Truth has been in the news a lot lately. I’m speaking tongue-in-cheek of course, since you’ll never find the truth in the news. It’s being said we’re in “the post-truth era.” What the heck does that mean?
What people mean by ‘the post-truth era’ doesn’t refer to the search for truth at all. What they’re really talking about is the post-fact era, in which presidential candidates and their supporters make up their own facts.
After two decades of hearing and adhering to the nonsense, ‘speak your own truth,’ and ‘create your own reality,’ the mainstream media is shocked, shocked, that a huge portion of the body politic no longer subscribes to conventional notions of reality.
And pundits, as much on the progressive as conservative side, continue to weave intellectualized webs out of half-truths, and believe whatever they want to believe.
If you listen with both ears, you can hear the lamentation of the former gatekeepers of news and respectable opinion weeping over their lost positions as determiners of the national narrative and purveyors of acceptable facts and truth.
Trumpian lies are merely an Olympian liar’s masterful circumvention and manipulation of the acceptable and respectable narrative.
It’s true that the Net poked a billion little holes in what used to be called journalism. But the journalistic craft and the ship of state were sinking long before the new technologies amplified the worst in human nature and the American character.
When a thinking person listens to Trump supporters, it’s easy to dismiss the distortions and outright falsehoods they parrot as so much irrational nonsense. But a decent person asks, what lies below the lies?
Is it economic dislocation brought on by globalization, and white, Christian America losing its domination, as the conventional progressive narrative has it? Or is there something deeper—a loss of meaning, connection, belonging, and the cross-party belief in America’s exceptionalism? Is it the refusal to face the end of tribal/national identity itself?

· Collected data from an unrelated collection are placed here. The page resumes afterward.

(* Consider the algorithm described in the context, and suppose it does not terminate finitely. Then for every $k\in\mathbb{N}$, $$\Delta q_k(s_k,\tau_k)\ge \frac{\sigma_u\tau_k}{\alpha_k}\|s_k\|_2^2+\sigma_c\big(\|c_k\|_2-\|c_k+J_kv_k\|_2\big)>0$$ and $$D_{\Phi_{\tau_k}}(x_k,s_k)\le -\frac{\sigma_u\tau_k}{\alpha_k}\|s_k\|_2^2-\sigma_c\big(\|c_k\|_2-\|c_k+J_kv_k\|_2\big)<0,$$ where $D_{\Phi_\tau}(x,s):=\lim_{t\searrow0}(\Phi_\tau(x+ts)-\Phi_\tau(x))/t$.
   Context: Problem: $\min_{x\in\mathbb{R}^n} f(x)+r(x)$ subject to $c(x)=0$, where $f:\mathbb{R}^n\to\mathbb{R}$ and $c:\mathbb{R}^n\to\mathbb{R}^m$ ($m\le n$) are continuously differentiable and $r:\mathbb{R}^n\to\mathbb{R}_{\ge 0}$ is convex. Write $g(x)=\nabla f(x)$, $J(x)=\nabla c(x)^T$, and $f_k=f(x_k)$, $g_k=g(x_k)$, $c_k=c(x_k)$, $J_k=J(x_k)$, $r_k=r(x_k)$. All norms are Euclidean. Merit function: $\Phi_\tau(x)=\tau(f(x)+r(x))+\|c(x)\|_2$. Algorithm: inputs $x_0$, $\alpha_0>0$, $\tau_{-1}>0$; constants $\kappa_v>0$, $\sigma_c,\epsilon_\tau,\xi,\eta\in(0,1)$, $\sigma_u\in(0,1/2]$, $\bar\sigma_u:=\sigma_u+\tfrac12$. For $k=0,1,\dots$: 1. If $J_k^Tc_k\ne0$, compute $v_k$ with $v_k\in\mathrm{Range}(J_k^T)$, $\|v_k\|_2\le\kappa_v\alpha_k\|J_k^Tc_k\|_2$, $\|c_k+J_kv_k\|_2\le\|c_k+J_kv_k^c\|_2$, where $v_k^c=-\beta_k^cJ_k^Tc_k$ with $\beta_k^c$ minimizing $\tfrac12\|c_k-\beta J_kJ_k^Tc_k\|_2^2$ over $0\le\beta\le\kappa_v\alpha_k$. Otherwise set $v_k=0$, and if $c_k\ne0$ terminate. 2. Let $u_k$ be the unique minimizer of $g_k^Tu+\tfrac1{2\alpha_k}\|u\|_2^2+r(x_k+v_k+u)$ subject to $J_ku=0$; set $s_k=v_k+u_k$. If $s_k=0$, terminate. 3. Let $D_k:=g_k^Ts_k+\bar\sigma_u\|s_k\|_2^2/\alpha_k+r(x_k+s_k)-r_k$; $\tau_{k,\mathrm{trial}}=\infty$ if $D_k\le0$, else $\tau_{k,\mathrm{trial}}=(1-\sigma_c)(\|c_k\|_2-\|c_k+J_kv_k\|_2)/D_k$. Set $\tau_k=\tau_{k-1}$ if $\tau_{k-1}\le\tau_{k,\mathrm{trial}}$, else $\tau_k=\min\{(1-\epsilon_\tau)\tau_{k-1},\tau_{k,\mathrm{trial}}\}$. 4. With $\Delta q_k(s,\tau):=-\tau(g_k^Ts+\tfrac1{2\alpha_k}\|s\|_2^2+r(x_k+s)-r_k)+\|c_k\|_2-\|c_k+J_ks\|_2$: if $\Phi_{\tau_k}(x_k+s_k)\le\Phi_{\tau_k}(x_k)-\eta\Delta q_k(s_k,\tau_k)$ set $x_{k+1}=x_k+s_k$, $\alpha_{k+1}=\alpha_k$; else $x_{k+1}=x_k$, $\alpha_{k+1}=\xi\alpha_k$. Standing assumption: there is an open convex set $\mathcal X$ containing all iterates $x_k$ and trial points $x_k+s_k$ such that $f$ is bounded below on $\mathcal X$, $\nabla f$ is bounded and Lipschitz continuous on $\mathcal X$, $c$ is bounded on $\mathcal X$, $J$ is bounded and Lipschitz continuous on $\mathcal X$, and all subgradients of $r$ at points of $\mathcal X$ are uniformly bounded in norm. *)

theory Defs
  imports "HOL-Analysis.Analysis"
begin

text \<open>Vectors in R^n are real^'n, constraint values in R^m are real^'m,
  the Jacobian J(x) is an m x n matrix real^'n^'m.
  J(x)^T c(x) is transpose (J x) *v c x, and J(x) s is J x *v s.\<close>

definition merit :: "(real^'n \<Rightarrow> real) \<Rightarrow> (real^'n \<Rightarrow> real) \<Rightarrow> (real^'n \<Rightarrow> real^'m)
    \<Rightarrow> real \<Rightarrow> real^'n \<Rightarrow> real" where
  "merit f r c \<tau> x = \<tau> * (f x + r x) + norm (c x)"

definition dq :: "(real^'n \<Rightarrow> real^'n) \<Rightarrow> (real^'n \<Rightarrow> real) \<Rightarrow> (real^'n \<Rightarrow> real^'m)
    \<Rightarrow> (real^'n \<Rightarrow> real^'n^'m) \<Rightarrow> real \<Rightarrow> real^'n \<Rightarrow> real^'n \<Rightarrow> real \<Rightarrow> real" where
  "dq g r c J \<alpha> x s \<tau> =
     - \<tau> * (g x \<bullet> s + (1 / (2 * \<alpha>)) * (norm s)^2 + r (x + s) - r x)
     + norm (c x) - norm (c x + J x *v s)"

definition is_subgradient :: "(real^'n \<Rightarrow> real) \<Rightarrow> real^'n \<Rightarrow> real^'n \<Rightarrow> bool" where
  "is_subgradient r x d \<longleftrightarrow> (\<forall>y. r y \<ge> r x + d \<bullet> (y - x))"

definition problem_data :: "(real^'n \<Rightarrow> real) \<Rightarrow> (real^'n \<Rightarrow> real^'n) \<Rightarrow> (real^'n \<Rightarrow> real^'m)
    \<Rightarrow> (real^'n \<Rightarrow> real^'n^'m) \<Rightarrow> (real^'n \<Rightarrow> real) \<Rightarrow> bool" where
  "problem_data f g c J r \<longleftrightarrow>
     (\<forall>x. (f has_derivative (\<lambda>h. g x \<bullet> h)) (at x)) \<and> continuous_on UNIV g \<and>
     (\<forall>x. (c has_derivative (\<lambda>h. J x *v h)) (at x)) \<and> continuous_on UNIV J \<and>
     CARD('m) \<le> CARD('n) \<and> convex_on UNIV r \<and> (\<forall>x. r x \<ge> 0)"

definition standing_assumption :: "(real^'n \<Rightarrow> real) \<Rightarrow> (real^'n \<Rightarrow> real^'n) \<Rightarrow> (real^'n \<Rightarrow> real^'m)
    \<Rightarrow> (real^'n \<Rightarrow> real^'n^'m) \<Rightarrow> (real^'n \<Rightarrow> real) \<Rightarrow> (nat \<Rightarrow> real^'n) \<Rightarrow> (nat \<Rightarrow> real^'n) \<Rightarrow> bool" where
  "standing_assumption f g c J r xs ss \<longleftrightarrow>
     (\<exists>X. open X \<and> convex X \<and> (\<forall>k. xs k \<in> X \<and> xs k + ss k \<in> X) \<and>
        bdd_below (f ` X) \<and> bounded (g ` X) \<and> (\<exists>L. L-lipschitz_on X g) \<and>
        bounded (c ` X) \<and> bounded (J ` X) \<and> (\<exists>L. L-lipschitz_on X J) \<and>
        (\<exists>B. \<forall>x\<in>X. \<forall>d. is_subgradient r x d \<longrightarrow> norm d \<le> B))"

definition normal_step_ok :: "(real^'n \<Rightarrow> real^'m) \<Rightarrow> (real^'n \<Rightarrow> real^'n^'m) \<Rightarrow> real
    \<Rightarrow> real \<Rightarrow> real^'n \<Rightarrow> real^'n \<Rightarrow> bool" where
  "normal_step_ok c J \<kappa>v \<alpha> x v \<longleftrightarrow>
     (let JTc = transpose (J x) *v c x in
      if JTc \<noteq> 0 then
        (\<exists>w. v = transpose (J x) *v w) \<and>
        norm v \<le> \<kappa>v * \<alpha> * norm JTc \<and>
        (\<exists>\<beta>. 0 \<le> \<beta> \<and> \<beta> \<le> \<kappa>v * \<alpha> \<and>
           (\<forall>\<beta>'. 0 \<le> \<beta>' \<and> \<beta>' \<le> \<kappa>v * \<alpha> \<longrightarrow>
              (1/2) * (norm (c x - \<beta> *\<^sub>R (J x *v JTc)))^2 \<le> (1/2) * (norm (c x - \<beta>' *\<^sub>R (J x *v JTc)))^2) \<and>
           norm (c x + J x *v v) \<le> norm (c x + J x *v (- \<beta> *\<^sub>R JTc)))
      else v = 0)"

Take this idiocy, in a New York Times op-ed condemning Trump’s ‘Idiocracy’: “Resistance is not about some sort of clairvoyant condemnation of acts yet uncommitted, but rather about the resilience of memory, the rigidity of morality and the depth of wounds.”
Such blather not only reflects continuing denial, but the very self-righteousness on the part of liberal elites that helped propel Trump to victory. In addition, it is deeply and willfully false. Pundits still refuse to face the fact that their image of America does not conform to the reality that’s now slaps them in the face every day.
It’s indecent to put down the few who predicted Donald Trump would be elected President of the United States, and who wrote about the underlying reasons why (which go far beyond conventional liberal analysis in the States) as indulging in “some sort of clairvoyant condemnation of acts yet uncommitted.”
That’s a sneaky way of saying, ‘Because I am so shocked by the election result, no one could have foreseen and understood it.’ Is such egoism much different than The Donald’s?
Bill Moyers once said, “A people can perish from too many lies.” Institutionalized falsehood and denial are the long festering, underlying reasons the demagogue and authoritarian-in-waiting Donald Trump was elected.
It’s true that some fake news stories and conspiracies have been fed to the mob. But the news has always been fabricated to some degree. Not by making up stories whole cloth, but by what is deemed to be news, and by conformity to untruths that underlie the mythology of nations.
Therefore it’s only mouthpieces for the status quo that say things like, ‘the truth was blurred, then sidelined, in an online tribal cacophony.’ Here’s a little secret that every 15-year-old knows: The dichotomy between the Net and the Old Media no longer exists except in their minds.
It’s facile to blame Donald Trump for ‘threatening to kill many of the ideals that we hold dear—decency and decorum, inclusion and empathy, truth and facts themselves.’ It’s much more difficult to examine the basic causes and conditions in the culture and body politic that gave rise to Trump, not to mention the eight years of professorial half-truths from President Obama.
Besides, ideals have nothing to do with truth and facts, and are an escape from what is. The ideal and the image are intrinsically fictitious. What’s necessary is to question and have the intent to face facts, inwardly and outwardly.
To find the living truth beyond personal interpretations and conformist narratives, it’s essential to ask: Can one see without the screen of memory, association and interpretation, if only for a few moments every day?
To see what is true and false, and the true in the false, one has to be able to observe without the observer, question without the questioner, and think without the thinker.
To see what is, the fact of things, which is changing every moment, is a never-ending process. Those who believe in ‘the absolutism of truth’ are incapable of seeing the truth.
Thought, however rational, can never bring the truth. Truth is in the understanding of what is, and transcending it.